Comparators - Interventions and Follow-up
Aiming to compare a more interventionist strategy to a supposedly less interventionist approach when assessing dental restorations and guiding clinical decision-making, children were allocated to one of the two diagnostic strategies for the assessment of restorations. To simplify, we will refer to them, from that point, as FDI and CARS strategies. A trained and calibrated examiner (BLPM) performed the assessments, and treatment decisions were based on the criteria. The FDI criteria  can be adapted depending on the purpose of the study. Therefore, since dental caries is the most common reported reason for reinterventions in primary teeth, we chose to evaluate related parameters as marginal staining and adaptation, besides the recurrence of caries. The CARS strategy will be used as originally proposed  (Table 1). Details regarding clinical criteria, sample size, randomization, allocation, blinding, and treatment of the restorations have been previously described in a clinical trial protocol .
Children will be followed for 24 months after the baseline interventions. Clinical assessments are being scheduled at 6-month intervals. In the baseline and at each follow-up visit, children are being instructed about diet and oral hygiene. The same examiner responsible for baseline evaluation will reassess the restorations at each appointment and propose a new treatment plan for each child, based on the respective randomized strategy.
Time horizon, study perspective and discount rate
The time horizon for the main evaluations was set as 24 months (time of study enrollment). Secondary longer-term economic evaluation with trial results will be performed to extrapolate the results over a primary tooth lifetime horizon. We will adopt the societal perspective, accounting for direct and indirect costs. A discount rate of 5% will be applied for costs and effects as the trial is being conducted in Brazil, a lower-middle-income country . Further sensitivity analyses will test the influence of this assumption by considering different discount rates (0–10%).
Costs and resources
The costs of each strategy will be estimated using a micro-costing approach. The direct and indirect costs per tooth and child will be calculated over 24 months (Supplemental Material 1). Direct costs will comprise the costs related to the dental office accommodation, dental instruments and equipment and their respective maintenance, materials used to implement the strategies and staff expenses (based on working hours and time spent on patient's care). Firstly, direct costs will be estimated per tooth included in the trial. Then, we will sum up all child's included teeth for calculating direct costs with each child.
We will calculate the accommodation costs using rental costs and municipal taxes per m2 of the area used by each dental unit. Subsequently, the accommodation costs per hour will be calculated. The same calculation will be used for dental instruments and equipment, estimating a life span of 3 years for instruments  and 5 years for equipment , with a monthly usage of 160 hours.
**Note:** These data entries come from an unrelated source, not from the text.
definition xmin :: "pt set \<Rightarrow> real" where "xmin P = Min (fst ` P)"
definition xmax :: "pt set \<Rightarrow> real" where "xmax P = Max (fst ` P)"
definition ymin :: "pt set \<Rightarrow> real" where "ymin P = Min (snd ` P)"
definition ymax :: "pt set \<Rightarrow> real" where "ymax P = Max (snd ` P)"

definition bbox :: "pt set \<Rightarrow> pt set" where
  "bbox P = {(x, y). xmin P \<le> x \<and> x \<le> xmax P \<and> ymin P \<le> y \<and> y \<le> ymax P}"

definition corners :: "pt set \<Rightarrow> pt set" where
  "corners P = {(x, y). x \<in> {xmin P, xmax P} \<and> y \<in> {ymin P, ymax P}}"

definition nearest :: "pt set \<Rightarrow> pt" where
  "nearest S = (SOME c. c \<in> S \<and> (\<forall>c'\<in>S. norm c \<le> norm c'))"
definition farthest :: "pt set \<Rightarrow> pt" where
  "farthest S = (SOME c. c \<in> S \<and> (\<forall>c'\<in>S. norm c' \<le> norm c))"

definition c_n :: "pt set \<Rightarrow> pt" where "c_n P = nearest (corners P)"
definition c_f :: "pt set \<Rightarrow> pt" where "c_f P = farthest (corners P)"

definition theta_lb :: "pt set \<Rightarrow> real" where "theta_lb P = Min (theta ` P)"
definition theta_ub :: "pt set \<Rightarrow> real" where "theta_ub P = Max (theta ` P)"

definition ray :: "real \<Rightarrow> pt set" where
  "ray t = {r *\<^sub>R (cos t, sin t) | r. r \<ge> 0}"

text \<open>Intersection points of the bounding lines with the boundary of the box;
  index 1 = nearer to s, index 2 = farther (they may coincide).\<close>
definition l1 :: "pt set \<Rightarrow> pt" where "l1 P = nearest (ray (theta_lb P) \<inter> frontier (bbox P))"
definition l2 :: "pt set \<Rightarrow> pt" where "l2 P = farthest (ray (theta_lb P) \<inter> frontier (bbox P))"
definition u1 :: "pt set \<Rightarrow> pt" where "u1 P = nearest (ray (theta_ub P) \<inter> frontier (bbox P))"
definition u2 :: "pt set \<Rightarrow> pt" where "u2 P = farthest (ray (theta_ub P) \<inter> frontier (bbox P))"

end

theory Submission
  imports Defs
begin

text \<open>A rotation by a multiple of a quarter turn maps the quadrant onto the first one and
  preserves distances, bounding boxes and the angular order, so it suffices to treat points with
  \<open>x > 0\<close>, \<open>y \<ge> 0\<close> and a segment \<open>se\<close> in the closed first quadrant lying on one side of
  all of \<open>P\<close>. The distance to the convex set \<open>se\<close> is convex along segments, so on a segment it is
  bounded by its values at the endpoints, and it vanishes at \<open>s\<close>.

  Lower bounds: \<open>l\<^sub>1\<close> lies between \<open>s\<close> and the point of \<open>P\<close> on the lower bounding line, hence is
  not farther from \<open>se\<close> than that point; likewise \<open>u\<^sub>1\<close>. The corner \<open>c\<^sub>n\<close>, and \<open>c\<^sub>f\<close> when
  \<open>|se| \<ge> |sc\<^sub>f|\<close>, is reached from a point of \<open>P\<close> on an edge of the box by sliding along that
  edge towards \<open>se\<close>, which does not increase the distance. Upper bound: every \<open>p \<in> P\<close> lies
  between \<open>s\<close> and the point where its ray leaves the box; that exit point lies on the right or the
  top edge, between \<open>l\<^sub>2\<close> or \<open>u\<^sub>2\<close> and \<open>c\<^sub>f\<close>.\<close>

section \<open>Distance to a segment\<close>

lemma infdist_closed_segment_le_max:
  fixes S :: "'a::euclidean_space set"
  assumes S: "convex S" "closed S" "S \<noteq> {}" and x: "x \<in> closed_segment u v"
  shows "infdist x S \<le> max (infdist u S) (infdist v S)"
proof -
  obtain pu where pu: "pu \<in> S" "infdist u S = dist u pu"
    using infdist_attains_inf[OF S(2,3)] by blast
  obtain pv where pv: "pv \<in> S" "infdist v S = dist v pv"
    using infdist_attains_inf[OF S(2,3)] by blast
  obtain t where t: "0 \<le> t" "t \<le> 1" "x = (1 - t) *\<^sub>R u + t *\<^sub>R v"
    using x by (auto simp: in_segment)
  define w where "w = (1 - t) *\<^sub>R pu + t *\<^sub>R pv"
  have "w \<in> S"
    unfolding w_def using convexD_alt[OF S(1) pu(1) pv(1) t(1,2)] by simp
  have "x - w = (1 - t) *\<^sub>R (u - pu) + t *\<^sub>R (v - pv)"
    unfolding w_def t(3) by (simp add: algebra_simps)
  hence "dist x w \<le> (1 - t) * dist u pu + t * dist v pv"
    using t(1,2) norm_triangle_ineq[of "(1 - t) *\<^sub>R (u - pu)" "t *\<^sub>R (v - pv)"]
    by (simp add: dist_norm)
  also have "\<dots> \<le> (1 - t) * max (infdist u S) (infdist v S) + t * max (infdist u S) (infdist v S)"
    using t(1,2) pu pv by (intro add_mono mult_left_mono) auto
  also have "\<dots> = max (infdist u S) (infdist v S)"
    by (simp add: algebra_simps)
  finally show ?thesis
    using \<open>w \<in> S\<close> infdist_le order_trans by blast
qed

lemma dseg_closed_segment_le_max:
  "x \<in> closed_segment u v \<Longrightarrow> dseg x e \<le> max (dseg u e) (dseg v e)"
  unfolding dseg_def by (rule infdist_closed_segment_le_max) auto

lemma dseg_nonneg: "0 \<le> dseg p e"
  unfolding dseg_def by (rule infdist_nonneg)

lemma dseg_eq_0: "p \<in> closed_segment 0 e \<Longrightarrow> dseg p e = 0"
  unfolding dseg_def by (rule infdist_zero)

lemma dseg_le_dist: "w \<in> closed_segment 0 e \<Longrightarrow> dseg p e \<le> dist p w"
  unfolding dseg_def by (rule infdist_le)

lemma scaleR_in_closed_segment_0:
  "0 \<le> c \<Longrightarrow> c \<le> 1 \<Longrightarrow> c *\<^sub>R e \<in> closed_segment 0 e"
  by (auto simp: in_segment)

lemma dseg_scaleR_le:
  assumes "0 \<le> c" "c \<le> 1"
  shows "dseg (c *\<^sub>R p) e \<le> dseg p e"
proof -
  have "dseg (c *\<^sub>R p) e \<le> max (dseg 0 e) (dseg p e)"
    by (intro dseg_closed_segment_le_max scaleR_in_closed_segment_0 assms)
  thus ?thesis
    using dseg_eq_0[of 0 e] dseg_nonneg[of p e] by simp
qed

lemma fst_diff_le_dseg:
  assumes "0 \<le> fst e"
  shows "fst p - fst e \<le> dseg p e"
proof -
  have "closed (closed_segment 0 e)" "closed_segment 0 e \<noteq> {}"
    by auto
  then obtain w where w: "w \<in> closed_segment 0 e" "dseg p e = dist p w"
    using infdist_attains_inf unfolding dseg_def by blast
  then obtain t where "0 \<le> t" "t \<le> 1" "w = t *\<^sub>R e"
    by (auto simp: in_segment)
  hence "fst w \<le> fst e"
    using assms by (simp add: mult_left_le_one_le)
  moreover have "fst p - fst w \<le> dist p w"
    using dist_fst_le[of p w] by (simp add: dist_real_def)
  ultimately show ?thesis
    using w by linarith
qed

lemma dseg_linear_isometry:
  assumes "linear T" "\<And>x. norm (T x) = norm x"
  shows "dseg (T p) (T e) = dseg p e"
proof -
  have "closed_segment 0 (T e) = T ` closed_segment 0 e"
    using closed_segment_linear_image[OF assms(1), of 0 e] linear_0[OF assms(1)] by simp
  moreover have "dist (T p) (T w) = dist p w" for w
    using assms by (simp add: dist_norm flip: linear_diff)
  ultimately show ?thesis
    unfolding dseg_def infdist_def by (simp add: image_image)
qed

lemma dseg_swap: "dseg (prod.swap p) (prod.swap e) = dseg p e"
  by (rule dseg_linear_isometry) (auto intro: linearI simp: norm_Pair add.commute)

lemma snd_diff_le_dseg: "0 \<le> snd e \<Longrightarrow> snd p - snd e \<le> dseg p e"
  using fst_diff_le_dseg[of "prod.swap e" "prod.swap p"] by (simp add: dseg_swap)

lemma Pair_in_closed_segment_fst:
  "x \<in> closed_segment a b \<Longrightarrow> (x, y) \<in> closed_segment (a, y) (b, y)"
  by (auto simp: in_segment algebra_simps)

lemma Pair_in_closed_segment_snd:
  "y \<in> closed_segment a b \<Longrightarrow> (x, y) \<in> closed_segment (x, a) (x, b)"
  by (auto simp: in_segment algebra_simps)

definition cross :: "pt \<Rightarrow> pt \<Rightarrow> real" where
  "cross p q = fst p * snd q - snd p * fst q"

text \<open>On the horizontal line through \<open>(x, y)\<close> the distance to \<open>se\<close> attains its minimum at a point
  left of \<open>(x, y)\<close>: where the line meets \<open>se\<close>, or at \<open>(ex, y)\<close> if the line passes above \<open>e\<close>.
  Convexity along the line then gives monotonicity to the right of that point.\<close>

lemma dseg_le_slide_right:
  fixes x y x' ex ey :: real
  assumes e: "0 \<le> ex" "0 \<le> ey" and "0 \<le> y" "cross (x, y) (ex, ey) > 0" "x \<le> x'"
  shows "dseg (x, y) (ex, ey) \<le> dseg (x', y) (ex, ey)"
proof -
  have below: "y * ex < x * ey"
    using assms(4) by (simp add: cross_def)
  moreover have "0 \<le> y * ex"
    using e \<open>0 \<le> y\<close> by simp
  ultimately have "0 < ey"
    using e by (cases "ey = 0") auto
  show ?thesis
  proof (cases "y \<le> ey")
    case True
    define w where "w = (y * ex / ey, y)"
    have "w = (y / ey) *\<^sub>R (ex, ey)"
      using \<open>0 < ey\<close> by (simp add: w_def)
    also have "\<dots> \<in> closed_segment 0 (ex, ey)"
      using True \<open>0 < ey\<close> \<open>0 \<le> y\<close> by (intro scaleR_in_closed_segment_0) auto
    finally have "dseg w (ex, ey) = 0"
      by (rule dseg_eq_0)
    have "y * ex / ey \<le> x"
      using below \<open>0 < ey\<close> by (simp add: field_simps)
    hence "(x, y) \<in> closed_segment w (x', y)"
      unfolding w_def using \<open>x \<le> x'\<close>
      by (intro Pair_in_closed_segment_fst) (simp add: closed_segment_eq_real_ivl)
    from dseg_closed_segment_le_max[OF this, of "(ex, ey)"] show ?thesis
      using \<open>dseg w (ex, ey) = 0\<close> dseg_nonneg by simp
  next
    case False
    have "dseg (ex, y) (ex, ey) \<le> dist (ex, y) (ex, ey)"
      by (rule dseg_le_dist) auto
    also have "\<dots> \<le> dseg (x', y) (ex, ey)"
      using False snd_diff_le_dseg[of "(ex, ey)" "(x', y)"] e
      by (simp add: dist_Pair_Pair dist_real_def)
    finally have corner: "dseg (ex, y) (ex, ey) \<le> dseg (x', y) (ex, ey)" .
    have "ey * ex \<le> y * ex"
      using False e by (simp add: mult_right_mono)
    hence "ey * ex < ey * x"
      using below by (simp add: mult.commute)
    hence "ex \<le> x"
      using \<open>0 < ey\<close> by simp
    hence "(x, y) \<in> closed_segment (ex, y) (x', y)"
      using \<open>x \<le> x'\<close> by (intro Pair_in_closed_segment_fst) (simp add: closed_segment_eq_real_ivl)
    from dseg_closed_segment_le_max[OF this, of "(ex, ey)"] show ?thesis
      using corner by simp
  qed
qed

text \<open>The same argument on the vertical line; if it passes right of \<open>e\<close>, then \<open>inside\<close> forces
  \<open>y \<le> ey\<close>, so \<open>(x, ey)\<close> lies above \<open>(x, y)\<close>.\<close>

lemma dseg_le_slide_down:
  fixes x y y' ex ey :: real
  assumes e: "0 \<le> ex" "0 \<le> ey" and "0 \<le> x" "y' \<le> y" "cross (x, y) (ex, ey) > 0"
    and inside: "x\<^sup>2 + y\<^sup>2 \<le> ex\<^sup>2 + ey\<^sup>2"
  shows "dseg (x, y) (ex, ey) \<le> dseg (x, y') (ex, ey)"
proof -
  have below: "y * ex < x * ey"
    using assms(5) by (simp add: cross_def)
  show ?thesis
  proof (cases "x \<le> ex")
    case True
    hence "0 < ex"
      using below e \<open>0 \<le> x\<close> by (cases "ex = 0") auto
    define w where "w = (x, x * ey / ex)"
    have "w = (x / ex) *\<^sub>R (ex, ey)"
      using \<open>0 < ex\<close> by (simp add: w_def)
    also have "\<dots> \<in> closed_segment 0 (ex, ey)"
      using True \<open>0 < ex\<close> \<open>0 \<le> x\<close> by (intro scaleR_in_closed_segment_0) auto
    finally have "dseg w (ex, ey) = 0"
      by (rule dseg_eq_0)
    have "y \<le> x * ey / ex"
      using below \<open>0 < ex\<close> by (simp add: field_simps)
    hence "(x, y) \<in> closed_segment (x, y') w"
      unfolding w_def using \<open>y' \<le> y\<close>
      by (intro Pair_in_closed_segment_snd) (simp add: closed_segment_eq_real_ivl)
    from dseg_closed_segment_le_max[OF this, of "(ex, ey)"] show ?thesis
      using \<open>dseg w (ex, ey) = 0\<close> dseg_nonneg by simp
  next
    case False
    have "dseg (x, ey) (ex, ey) \<le> dist (x, ey) (ex, ey)"
      by (rule dseg_le_dist) auto
    also have "\<dots> \<le> dseg (x, y') (ex, ey)"
      using False fst_diff_le_dseg[of "(ex, ey)" "(x, y')"] e
      by (simp add: dist_Pair_Pair dist_real_def)
    finally have corner: "dseg (x, ey) (ex, ey) \<le> dseg (x, y') (ex, ey)" .
    have "ex\<^sup>2 < x\<^sup>2"
      using False e by (simp add: power_strict_mono)
    hence "y \<le> ey"
      using inside e by (smt (verit) power2_less_imp_less)
    hence "(x, y) \<in> closed_segment (x, y') (x, ey)"
      using \<open>y' \<le> y\<close> by (intro Pair_in_closed_segment_snd) (simp add: closed_segment_eq_real_ivl)
    from dseg_closed_segment_le_max[OF this, of "(ex, ey)"] show ?thesis
      using corner by simp
  qed
qed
The staff salary (dentists and dental auxiliaries) will be calculated based on the Brazilian Federal Law's monthly wage, allowing 40 hours per week (8 hours/day) for each dentist and dental nurse. For dental material, we will calculate the mean value of each item in three different dental stores and quantities used during clinical appointments.
Indirect costs will include the out-of-pocket expenditures, such as transportation (public or private), any opportunity costs of accompanying a person's absence from the workplace, and the patient's time accessing care. These costs will be estimated per child, considering the time spent during appointments and waiting or travelling to/from the dental clinic. For indirect costs per tooth, time spent when performing procedures related to each specific tooth will be first considered. For child's general appointments (e.g. instructions, fluoride applications) and child's and accompanying person's waiting/travelling, the time spent will be fully considered for each tooth, as if only one tooth had been included per child.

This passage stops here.